■ **WHAT YOU NEED TO DO**
The entries below should appear again in your reply, word for word.

■ **PROVIDED RECORDS**

lemma rat_powr_eq_prime_le_one:
  fixes u v :: real
  assumes "prime p" and "u \<in> \<rat>" "v \<in> \<rat>" "0 < u" "0 < v" and eq: "u powr v = real p"
  shows "v \<le> 1"
proof -
  obtain C D :: int where "D > 0" "coprime C D" and v: "v = of_int C / of_int D"
    using \<open>v \<in> \<rat>\<close> by (rule Rats_cases')
  have "C > 0" using \<open>0 < v\<close> \<open>D > 0\<close> v by (simp add: zero_less_divide_iff)
  have "u ^ nat C = u powr (v * D)"
    using \<open>0 < u\<close> \<open>C > 0\<close> \<open>D > 0\<close> v by (simp add: powr_realpow flip: of_nat_nat)
  also have "\<dots> = real p ^ nat D"
    using \<open>0 < u\<close> \<open>D > 0\<close> prime_gt_0_nat[OF \<open>prime p\<close>]
    by (simp add: eq powr_realpow flip: powr_powr of_nat_nat)
  finally have "nat C dvd nat D"
    using rat_power_eq_prime_power_dvd[OF \<open>prime p\<close> \<open>u \<in> \<rat>\<close> \<open>0 < u\<close>] \<open>C > 0\<close> by simp
  then have "C dvd D" using \<open>C > 0\<close> \<open>D > 0\<close> by (simp add: nat_dvd_iff)
  then have "\<bar>C\<bar> = 1" using coprime_common_divisor_int[OF \<open>coprime C D\<close> dvd_refl] by blast
  with \<open>C > 0\<close> have "C = 1" by simp
  then show ?thesis using v \<open>D > 0\<close> by simp
qed

lemma schanuel_powr_pair_transcendental:
  fixes u v :: real and p a b :: nat
  assumes "schanuel" and "prime p" and "0 < u" "0 < v"
    and powr_u: "u powr v = real p ^ a" and powr_v: "v powr u = real p ^ b"
    and "0 < a" "0 < b" and "a = 1 \<or> b = 1"
  shows "\<not> algebraic u"
proof
  assume "algebraic u"
  define L where "L = ln (real p)"
  have "real p > 1" using prime_gt_1_nat[OF \<open>prime p\<close>] by simp
  then have "L > 0" and "algebraic (exp L)" by (simp_all add: L_def)
  have rel_u: "v * ln u = a * L"
    using arg_cong[OF powr_u, of ln] \<open>0 < u\<close> by (simp add: L_def ln_realpow)
  have rel_v: "u * ln v = b * L"
    using arg_cong[OF powr_v, of ln] \<open>0 < v\<close> by (simp add: L_def ln_realpow)
  have "0 < v * ln u" unfolding rel_u using \<open>0 < a\<close> \<open>L > 0\<close> by simp
  then have "1 < u" using \<open>0 < u\<close> \<open>0 < v\<close> by (simp add: zero_less_mult_iff)
  have "0 < u * ln v" unfolding rel_v using \<open>0 < b\<close> \<open>L > 0\<close> by simp
  then have "1 < v" using \<open>0 < u\<close> \<open>0 < v\<close> by (simp add: zero_less_mult_iff)
  have "algebraic v"
  proof (cases "u \<in> \<rat>")
    case True
    have "real p powr (b / u) = exp (b / u * L)"
      using \<open>real p > 1\<close> by (simp add: powr_def L_def)
    also have "b / u * L = ln v"
      using rel_v \<open>0 < u\<close> by (simp add: field_simps)
    finally have "v = real p powr (b / u)"
      using \<open>0 < v\<close> by simp
    then show ?thesis
      using algebraic_nat_powr_rat[of p "b / u"] \<open>real p > 1\<close> True by simp
  next
    case False
    show ?thesis
      by (rule schanuel_powr_pair_algebraic[OF \<open>schanuel\<close> _ \<open>algebraic (exp L)\<close> \<open>0 < u\<close> \<open>0 < v\<close>
            \<open>algebraic u\<close> False _ _ _ _ rel_u rel_v])
        (use \<open>L > 0\<close> \<open>0 < a\<close> \<open>0 < b\<close> in auto)
  qed
  consider (rational) "u \<in> \<rat>" "v \<in> \<rat>" | (u_irrational) "u \<notin> \<rat>" | (v_irrational) "v \<notin> \<rat>"
    by blast
  then show False
  proof cases
    case rational
    from \<open>a = 1 \<or> b = 1\<close> show False
    proof
      assume "a = 1"
      with rat_powr_eq_prime_le_one[OF \<open>prime p\<close> rational \<open>0 < u\<close> \<open>0 < v\<close>] powr_u
      have "v \<le> 1" by simp
      with \<open>1 < v\<close> show False by simp
    next
      assume "b = 1"
      with rat_powr_eq_prime_le_one[OF \<open>prime p\<close> rational(2,1) \<open>0 < v\<close> \<open>0 < u\<close>] powr_v
      have "u \<le> 1" by simp
      with \<open>1 < u\<close> show False by simp
    qed
  next
    case u_irrational
    with schanuel_imp_gelfond_schneider[OF \<open>schanuel\<close> \<open>0 < v\<close> _ \<open>algebraic v\<close> \<open>algebraic u\<close>]
    have "\<not> algebraic (v powr u)" using \<open>1 < v\<close> by simp
    with powr_v show False by (metis algebraic_of_nat of_nat_numeral of_nat_power)
  next
    case v_irrational
    with schanuel_imp_gelfond_schneider[OF \<open>schanuel\<close> \<open>0 < u\<close> _ \<open>algebraic u\<close> \<open>algebraic v\<close>]
    have "\<not> algebraic (u powr v)" using \<open>1 < u\<close> by simp
    with powr_u show False by (metis algebraic_of_nat of_nat_numeral of_nat_power)
  qed
qed

lemma powr_pair_2_4_exists: "\<exists>x y :: real. 0 < x \<and> 0 < y \<and> x powr y = 2 \<and> y powr x = 4"
proof -
  define F where "F = (\<lambda>x::real. 4 powr (1 / x) * ln x)"
  have "\<forall>x. 1 \<le> x \<and> x \<le> 2 \<longrightarrow> isCont F x"
    unfolding F_def by (auto intro!: continuous_intros)
  moreover have "F 1 \<le> ln 2" and "ln 2 \<le> F 2"
    by (simp_all add: F_def powr_half_sqrt)
  ultimately obtain x where "1 \<le> x" "F x = ln 2"
    using IVT[of F 1 "ln 2" 2] by auto
  define y where "y = 4 powr (1 / x)"
  have "x powr y = exp (F x)"
    using \<open>1 \<le> x\<close> by (simp add: powr_def F_def y_def)
  also have "\<dots> = 2" using \<open>F x = ln 2\<close> by simp
  finally have "x powr y = 2" .
  moreover have "y powr x = 4"
    using \<open>1 \<le> x\<close> by (simp add: y_def powr_powr)
  ultimately show ?thesis
    using \<open>1 \<le> x\<close> by (intro exI[of _ x] exI[of _ y]) (simp add: y_def)
qed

■ **COMPLETED EXERCISE**
lemma rat_powr_eq_prime_le_one:
  fixes u v :: real
  assumes "prime p" and "u \<in> \<rat>" "v \<in> \<rat>" "0 < u" "0 < v" and eq: "u powr v = real p"
  shows "v \<le> 1"
proof -
  obtain C D :: int where "D > 0" "coprime C D" and v: "v = of_int C / of_int D"
    using \<open>v \<in> \<rat>\<close> by (rule Rats_cases')
  have "C > 0" using \<open>0 < v\<close> \<open>D > 0\<close> v by (simp add: zero_less_divide_iff)
  have "u ^ nat C = u powr (v * D)"
    using \<open>0 < u\<close> \<open>C > 0\<close> \<open>D > 0\<close> v by (simp add: powr_realpow flip: of_nat_nat)
  also have "\<dots> = real p ^ nat D"
    using \<open>0 < u\<close> \<open>D > 0\<close> prime_gt_0_nat[OF \<open>prime p\<close>]
    by (simp add: eq powr_realpow flip: powr_powr of_nat_nat)
  finally have "nat C dvd nat D"
    using rat_power_eq_prime_power_dvd[OF \<open>prime p\<close> \<open>u \<in> \<rat>\<close> \<open>0 < u\<close>] \<open>C > 0\<close> by simp
  then have "C dvd D" using \<open>C > 0\<close> \<open>D > 0\<close> by (simp add: nat_dvd_iff)
  then have "\<bar>C\<bar> = 1" using coprime_common_divisor_int[OF \<open>coprime C D\<close> dvd_refl] by blast
  with \<open>C > 0\<close> have "C = 1" by simp
  then show ?thesis using v \<open>D > 0\<close> by simp
qed

lemma schanuel_powr_pair_transcendental:
  fixes u v :: real and p a b :: nat
  assumes "schanuel" and "prime p" and "0 < u" "0 < v"
    and powr_u: "u powr v = real p ^ a" and powr_v: "v powr u = real p ^ b"
    and "0 < a" "0 < b" and "a = 1 \<or> b = 1"
  shows "\<not> algebraic u"
proof
  assume "algebraic u"
  define L where "L = ln (real p)"
  have "real p > 1" using prime_gt_1_nat[OF \<open>prime p\<close>] by simp
  then have "L > 0" and "algebraic (exp L)" by (simp_all add: L_def)
  have rel_u: "v * ln u = a * L"
    using arg_cong[OF powr_u, of ln] \<open>0 < u\<close> by (simp add: L_def ln_realpow)
  have rel_v: "u * ln v = b * L"
    using arg_cong[OF powr_v, of ln] \<open>0 < v\<close> by (simp add: L_def ln_realpow)
  have "0 < v * ln u" unfolding rel_u using \<open>0 < a\<close> \<open>L > 0\<close> by simp
  then have "1 < u" using \<open>0 < u\<close> \<open>0 < v\<close> by (simp add: zero_less_mult_iff)
  have "0 < u * ln v" unfolding rel_v using \<open>0 < b\<close> \<open>L > 0\<close> by simp
  then have "1 < v" using \<open>0 < u\<close> \<open>0 < v\<close> by (simp add: zero_less_mult_iff)
  have "algebraic v"
  proof (cases "u \<in> \<rat>")
    case True
    have "real p powr (b / u) = exp (b / u * L)"
      using \<open>real p > 1\<close> by (simp add: powr_def L_def)
    also have "b / u * L = ln v"
      using rel_v \<open>0 < u\<close> by (simp add: field_simps)
    finally have "v = real p powr (b / u)"
      using \<open>0 < v\<close> by simp
    then show ?thesis
      using algebraic_nat_powr_rat[of p "b / u"] \<open>real p > 1\<close> True by simp
  next
    case False
    show ?thesis
      by (rule schanuel_powr_pair_algebraic[OF \<open>schanuel\<close> _ \<open>algebraic (exp L)\<close> \<open>0 < u\<close> \<open>0 < v\<close>
            \<open>algebraic u\<close> False _ _ _ _ rel_u rel_v])
        (use \<open>L > 0\<close> \<open>0 < a\<close> \<open>0 < b\<close> in auto)
  qed
  consider (rational) "u \<in> \<rat>" "v \<in> \<rat>" | (u_irrational) "u \<notin> \<rat>" | (v_irrational) "v \<notin> \<rat>"
    by blast
  then show False
  proof cases
    case rational
    from \<open>a = 1 \<or> b = 1\<close> show False
    proof
      assume "a = 1"
      with rat_powr_eq_prime_le_one[OF \<open>prime p\<close> rational \<open>0 < u\<close> \<open>0 < v\<close>] powr_u
      have "v \<le> 1" by simp
      with \<open>1 < v\<close> show False by simp
    next
      assume "b = 1"
      with rat_powr_eq_prime_le_one[OF \<open>prime p\<close> rational(2,1) \<open>0 < v\<close> \<open>0 < u\<close>] powr_v
      have "u \<le> 1" by simp
      with \<open>1 < u\<close> show False by simp
    qed
  next
    case u_irrational
    with schanuel_imp_gelfond_schneider[OF \<open>schanuel\<close> \<open>0 < v\<close> _ \<open>algebraic v\<close> \<open>algebraic u\<close>]
    have "\<not> algebraic (v powr u)" using \<open>1 < v\<close> by simp
    with powr_v show False by (metis algebraic_of_nat of_nat_numeral of_nat_power)
  next
    case v_irrational
    with schanuel_imp_gelfond_schneider[OF \<open>schanuel\<close> \<open>0 < u\<close> _ \<open>algebraic u\<close> \<open>algebraic v\<close>]
    have "\<not> algebraic (u powr v)" using \<open>1 < u\<close> by simp
    with powr_u show False by (metis algebraic_of_nat of_nat_numeral of_nat_power)
  qed
qed

lemma powr_pair_2_4_exists: "\<exists>x y :: real. 0 < x \<and> 0 < y \<and> x powr y = 2 \<and> y powr x = 4"
proof -
  define F where "F = (\<lambda>x::real. 4 powr (1 / x) * ln x)"
  have "\<forall>x. 1 \<le> x \<and> x \<le> 2 \<longrightarrow> isCont F x"
    unfolding F_def by (auto intro!: continuous_intros)
  moreover have "F 1 \<le> ln 2" and "ln 2 \<le> F 2"
    by (simp_all add: F_def powr_half_sqrt)
  ultimately obtain x where "1 \<le> x" "F x = ln 2"
    using IVT[of F 1 "ln 2" 2] by auto
  define y where "y = 4 powr (1 / x)"
  have "x powr y = exp (F x)"
    using \<open>1 \<le> x\<close> by (simp add: powr_def F_def y_def)
  also have "\<dots> = 2" using \<open>F x = ln 2\<close> by simp
  finally have "x powr y = 2" .
  moreover have "y powr x = 4"
    using \<open>1 \<le> x\<close> by (simp add: y_def powr_powr)
  ultimately show ?thesis
    using \<open>1 \<le> x\<close> by (intro exI[of _ x] exI[of _ y]) (simp add: y_def)
qed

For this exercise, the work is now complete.